The composition of claim 1, wherein the composition comprises 10 to 20 parts by weight of the fermented corn, 30 to 55 parts by weight of corn, 10 to 40 parts by weight of soybean meal, 1 to 5 parts by weight of wheat, 1 to 5 parts by weight of wheat, 1 to 5 parts by weight of tallow, 0.5 to 2 parts by weight of calcium phosphate, 0.5 to 2 parts by weight of limestone, 0.1 to 1 part by weight of salt, 0.01 to 0.5 parts by weight of vitamin premix and 0.01 to 0.5 parts by weight of mineral premix &Lt; / RTI &gt;
Fermenting the cornstarch to a strain of Bacillus subtilis or Aspergillus niger at 20 to 40 DEG C for 24 to 72 hours to prepare a corn fermentation product (step 1); And
The method of claim 1, comprising mixing the fermented corn with corn, soybean meal, wheat bran, limestone, vitamin premix, and mineral premix (step 2).

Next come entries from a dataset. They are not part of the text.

(* Let $a,b,d,f,c\in\mathbb{C}$ with $|af|\neq|bd|$, and let $M=\max\{M_1,M_2\}$ where, with $\Delta=|af|-|bd|$, $K_1=\left(\frac{|b|+|f|}{|\Delta|}\right)^2$, $K_2=\left(\frac{|a|+|d|}{|\Delta|}\right)^2$, $M_1=K_1+\sqrt{K_1(K_1+|c|)}$, $M_2=K_2+\sqrt{K_2(K_2+|c|)}$. Then $M$ is an escape radius for the system: for any orbit $(z_1(n),z_2(n))$ of the system, if $\max\{|z_1(n_0)|,|z_2(n_0)|\}>M$ for some $n_0\ge0$, then $\max\{|z_1(n)|,|z_2(n)|\}\to\infty$ as $n\to\infty$ (indeed $\max\{|z_1(n_0+k)|,|z_2(n_0+k)|\}>2^kM$ for all $k\ge0$).
   Context: The 2D coupled quadratic system with connectivity matrix $A=\begin{pmatrix}a&b\\ d&f\end{pmatrix}$ and parameter $c\in\mathbb{C}$ is the iteration $z_1(n+1)=(az_1(n)+bz_2(n))^2+c$, $z_2(n+1)=(dz_1(n)+fz_2(n))^2+c$, $n\ge 0$, from an initial condition $(z_1(0),z_2(0))\in\mathbb{C}^2$. *)

theory Defs
  imports "HOL-Analysis.Analysis"
begin

definition cq_step :: "complex \<Rightarrow> complex \<Rightarrow> complex \<Rightarrow> complex \<Rightarrow> complex
    \<Rightarrow> complex \<times> complex \<Rightarrow> complex \<times> complex" where
  "cq_step a b d f c z =
     ((a * fst z + b * snd z)^2 + c, (d * fst z + f * snd z)^2 + c)"

definition cq_orbit :: "complex \<Rightarrow> complex \<Rightarrow> complex \<Rightarrow> complex \<Rightarrow> complex
    \<Rightarrow> complex \<times> complex \<Rightarrow> nat \<Rightarrow> complex \<times> complex" where
  "cq_orbit a b d f c z0 n = (cq_step a b d f c ^^ n) z0"

definition cq_radius :: "complex \<Rightarrow> complex \<Rightarrow> complex \<Rightarrow> complex \<Rightarrow> complex \<Rightarrow> real" where
  "cq_radius a b d f c =
     (let \<Delta> = cmod a * cmod f - cmod b * cmod d;
          K1 = ((cmod b + cmod f) / \<bar>\<Delta>\<bar>)^2;
          K2 = ((cmod a + cmod d) / \<bar>\<Delta>\<bar>)^2;
          M1 = K1 + sqrt (K1 * (K1 + cmod c));
          M2 = K2 + sqrt (K2 * (K2 + cmod c))
      in max M1 M2)"

end

theory Submission
  imports Defs "HOL-Real_Asymp.Real_Asymp"
begin

text \<open>Write \<open>w = A z\<close> for the linear part of the step. Inverting \<open>A\<close> bounds each \<open>|z\<^sub>i|\<close> by
  \<open>\<surd>K\<^sub>i \<cdot> \<parallel>w\<parallel>\<^sub>\<infinity>\<close>, since \<open>|\<Delta>| \<le> |det A|\<close>. If \<open>\<parallel>z\<parallel>\<^sub>\<infinity> = |z\<^sub>i| > M\<^sub>i\<close>, then \<open>\<parallel>z\<parallel>\<^sub>\<infinity>\<close> lies beyond the
  positive root \<open>M\<^sub>i\<close> of \<open>m\<^sup>2 - 2K\<^sub>i m - K\<^sub>i|c|\<close>, so \<open>\<parallel>w\<parallel>\<^sub>\<infinity>\<^sup>2 \<ge> \<parallel>z\<parallel>\<^sub>\<infinity>\<^sup>2 / K\<^sub>i > 2\<parallel>z\<parallel>\<^sub>\<infinity> + |c|\<close>, and
  squaring and adding \<open>c\<close> yields a point of norm \<open>> 2\<parallel>z\<parallel>\<^sub>\<infinity>\<close>.\<close>

abbreviation max_cmod :: "complex \<times> complex \<Rightarrow> real" where
  "max_cmod z \<equiv> max (cmod (fst z)) (cmod (snd z))"

lemma norm_mult_det_le_norm_linear_image:
  fixes a b d f x y :: "'a::real_normed_field"
  shows "norm x * \<bar>norm a * norm f - norm b * norm d\<bar>
    \<le> (norm b + norm f) * max (norm (a * x + b * y)) (norm (d * x + f * y))"
proof -
  let ?W = "max (norm (a * x + b * y)) (norm (d * x + f * y))"
  have "\<bar>norm a * norm f - norm b * norm d\<bar> \<le> norm (a * f - b * d)"
    using norm_triangle_ineq3[of "a * f" "b * d"] by (simp add: norm_mult)
  then have "norm x * \<bar>norm a * norm f - norm b * norm d\<bar> \<le> norm ((a * f - b * d) * x)"
    by (simp add: norm_mult mult_left_mono mult.commute)
  also have "(a * f - b * d) * x = f * (a * x + b * y) - b * (d * x + f * y)"
    by (simp add: algebra_simps)
  also have "norm \<dots> \<le> norm f * norm (a * x + b * y) + norm b * norm (d * x + f * y)"
    by (metis norm_mult norm_triangle_ineq4)
  also have "\<dots> \<le> norm f * ?W + norm b * ?W"
    by (intro add_mono mult_left_mono) auto
  finally show ?thesis
    by (simp add: algebra_simps)
qed

lemma norm_sq_le_linear_image:
  fixes a b d f x y :: "'a::real_normed_field"
  assumes "norm a * norm f \<noteq> norm b * norm d"
  shows "(norm x)\<^sup>2 \<le> ((norm b + norm f) / \<bar>norm a * norm f - norm b * norm d\<bar>)\<^sup>2
    * (max (norm (a * x + b * y)) (norm (d * x + f * y)))\<^sup>2"
proof -
  let ?\<Delta> = "\<bar>norm a * norm f - norm b * norm d\<bar>"
  let ?W = "max (norm (a * x + b * y)) (norm (d * x + f * y))"
  have "norm x \<le> (norm b + norm f) / ?\<Delta> * ?W"
    using norm_mult_det_le_norm_linear_image[of x a f b d y] assms
    by (simp add: field_simps)
  then have "(norm x)\<^sup>2 \<le> ((norm b + norm f) / ?\<Delta> * ?W)\<^sup>2"
    by (intro power_mono) auto
  then show ?thesis
    by (simp only: power_mult_distrib)
qed

lemma sq_gt_beyond_quadratic_root:
  fixes K m c :: real
  assumes "K \<ge> 0" "c \<ge> 0" "m > K + sqrt (K * (K + c))"
  shows "m\<^sup>2 > 2 * K * m + K * c"
proof -
  have "(sqrt (K * (K + c)))\<^sup>2 < (m - K)\<^sup>2"
    using assms by (intro power_strict_mono) auto
  with assms show ?thesis
    by (simp add: power2_eq_square algebra_simps)
qed

lemma sq_gt_double_plus_if_beyond_root:
  fixes K m c W :: real
  assumes "K \<ge> 0" "c \<ge> 0" "m > K + sqrt (K * (K + c))" "m\<^sup>2 \<le> K * W\<^sup>2"
  shows "W\<^sup>2 > 2 * m + c"
proof (rule mult_left_less_imp_less)
  show "K * (2 * m + c) < K * W\<^sup>2"
    using sq_gt_beyond_quadratic_root[OF assms(1-3)] assms(4)
    by (simp add: algebra_simps)
qed (use assms in auto)

lemma max_cmod_cq_step_ge:
  fixes a b d f c x y :: complex
  shows "max_cmod (cq_step a b d f c (x, y))
    \<ge> (max (cmod (a * x + b * y)) (cmod (d * x + f * y)))\<^sup>2 - cmod c"
proof -
  have sq_add: "cmod (w\<^sup>2 + c) \<ge> (cmod w)\<^sup>2 - cmod c" for w
    using norm_diff_ineq[of "w\<^sup>2" c] by (simp add: norm_power)
  show ?thesis
    using sq_add[of "a * x + b * y"] sq_add[of "d * x + f * y"]
    by (auto simp: cq_step_def max_def power_mono)
qed

lemma cq_step_doubles_beyond_radius:
  fixes a b d f c :: complex and z :: "complex \<times> complex"
  assumes "cmod (a * f) \<noteq> cmod (b * d)"
    and "max_cmod z > cq_radius a b d f c"
  shows "max_cmod (cq_step a b d f c z) > 2 * max_cmod z"
proof -
  obtain x y where z: "z = (x, y)"
    by (cases z)
  define \<Delta> where "\<Delta> = \<bar>cmod a * cmod f - cmod b * cmod d\<bar>"
  define K1 where "K1 = ((cmod b + cmod f) / \<Delta>)\<^sup>2"
  define K2 where "K2 = ((cmod a + cmod d) / \<Delta>)\<^sup>2"
  define W where "W = max (cmod (a * x + b * y)) (cmod (d * x + f * y))"
  have nondeg: "cmod a * cmod f \<noteq> cmod b * cmod d"
    using assms(1) by (simp add: norm_mult)
  have x_bound: "(cmod x)\<^sup>2 \<le> K1 * W\<^sup>2"
    using norm_sq_le_linear_image[OF nondeg, of x y] by (simp add: K1_def W_def \<Delta>_def)
  have y_bound: "(cmod y)\<^sup>2 \<le> K2 * W\<^sup>2"
    \<comment> \<open>the same bound with the two columns of the matrix swapped\<close>
    using norm_sq_le_linear_image[of b d a f y x] nondeg
    by (simp add: K2_def W_def \<Delta>_def add.commute abs_minus_commute)
  have radius: "cq_radius a b d f c
      = max (K1 + sqrt (K1 * (K1 + cmod c))) (K2 + sqrt (K2 * (K2 + cmod c)))"
    by (simp add: cq_radius_def Let_def K1_def K2_def \<Delta>_def)
  have "2 * max_cmod z < W\<^sup>2 - cmod c"
  proof (cases "cmod y \<le> cmod x")
    case True
    then show ?thesis
      using assms(2) x_bound sq_gt_double_plus_if_beyond_root[of K1 "cmod c" "cmod x" W]
      by (simp add: z radius K1_def)
  next
    case False
    then show ?thesis
      using assms(2) y_bound sq_gt_double_plus_if_beyond_root[of K2 "cmod c" "cmod y" W]
      by (simp add: z radius K2_def)
  qed
  also have "\<dots> \<le> max_cmod (cq_step a b d f c z)"
    unfolding W_def z by (rule max_cmod_cq_step_ge)
  finally show ?thesis .
qed

lemma filterlim_at_top_if_doubling:
  fixes g :: "nat \<Rightarrow> real"
  assumes "g n0 > 0" and doubling: "\<And>k. g (n0 + k) \<ge> 2 ^ k * g n0"
  shows "filterlim g at_top sequentially"
proof (rule filterlim_at_top_mono)
  show "filterlim (\<lambda>n. 2 ^ n * (g n0 / 2 ^ n0)) at_top sequentially"
    using assms(1) by real_asymp
  have "2 ^ n * (g n0 / 2 ^ n0) \<le> g n" if "n0 \<le> n" for n
  proof -
    obtain k where n: "n = n0 + k"
      using le_Suc_ex[OF \<open>n0 \<le> n\<close>] by blast
    then have "2 ^ n * (g n0 / 2 ^ n0) = 2 ^ k * g n0"
      by (simp add: power_add)
    with doubling[of k] n show ?thesis
      by simp
  qed
  then show "\<forall>\<^sub>F n in sequentially. 2 ^ n * (g n0 / 2 ^ n0) \<le> g n"
    unfolding eventually_sequentially by blast
qed

theorem mainTheorem2:
  fixes a b d f c :: complex and z0 :: "complex \<times> complex" and n0 :: nat
  assumes "cmod (a * f) \<noteq> cmod (b * d)"
    and "max (cmod (fst (cq_orbit a b d f c z0 n0))) (cmod (snd (cq_orbit a b d f c z0 n0)))
           > cq_radius a b d f c"
  shows "filterlim (\<lambda>n. max (cmod (fst (cq_orbit a b d f c z0 n))) (cmod (snd (cq_orbit a b d f c z0 n))))
           at_top sequentially \<and>
         (\<forall>k. max (cmod (fst (cq_orbit a b d f c z0 (n0 + k)))) (cmod (snd (cq_orbit a b d f c z0 (n0 + k))))
           > 2 ^ k * cq_radius a b d f c)"
proof -
  define g where "g = (\<lambda>n. max_cmod (cq_orbit a b d f c z0 n))"
  define M where "M = cq_radius a b d f c"
  have "M \<ge> 0"
    by (simp add: M_def cq_radius_def Let_def max_def)
  have growth: "g (n0 + k) \<ge> 2 ^ k * g n0 \<and> g (n0 + k) > M" for k
  proof (induction k)
    case (Suc k)
    have "g (n0 + Suc k) > 2 * g (n0 + k)"
      using cq_step_doubles_beyond_radius[OF assms(1)] Suc
      by (simp add: g_def M_def cq_orbit_def)
    with Suc \<open>M \<ge> 0\<close> show ?case
      by auto
  qed (use assms(2) in \<open>simp add: g_def M_def\<close>)
  have "filterlim g at_top sequentially"
  proof (rule filterlim_at_top_if_doubling)
    show "g n0 > 0"
      using growth[of 0] \<open>M \<ge> 0\<close> by simp
  qed (use growth in auto)
  moreover have "g (n0 + k) > 2 ^ k * M" for k
  proof -
    have "2 ^ k * M < 2 ^ k * g n0"
      using growth[of 0] by simp
    with growth[of k] show ?thesis
      by linarith
  qed
  ultimately show ?thesis
    by (simp add: g_def M_def)
qed

end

delete The method according to claim 5, wherein the mixing ratio of the fermented corn, corn, soybean meal, wheat bran, limestone, vitamin premix, and mineral premix is 10 to 20 parts by weight: 30 to 55 parts by weight: 10 to 40 parts by weight: 5 parts by weight: 0.5 to 2 parts by weight: 0.01 to 0.5 parts by weight: 0.01 to 0.5 parts by weight.
A method for breeding pigs comprising feeding the breeding stock composition according to any one of claims 1 to 4 to breeding pigs.
Pork derived from a pig raised by the breeding method of paragraph 8.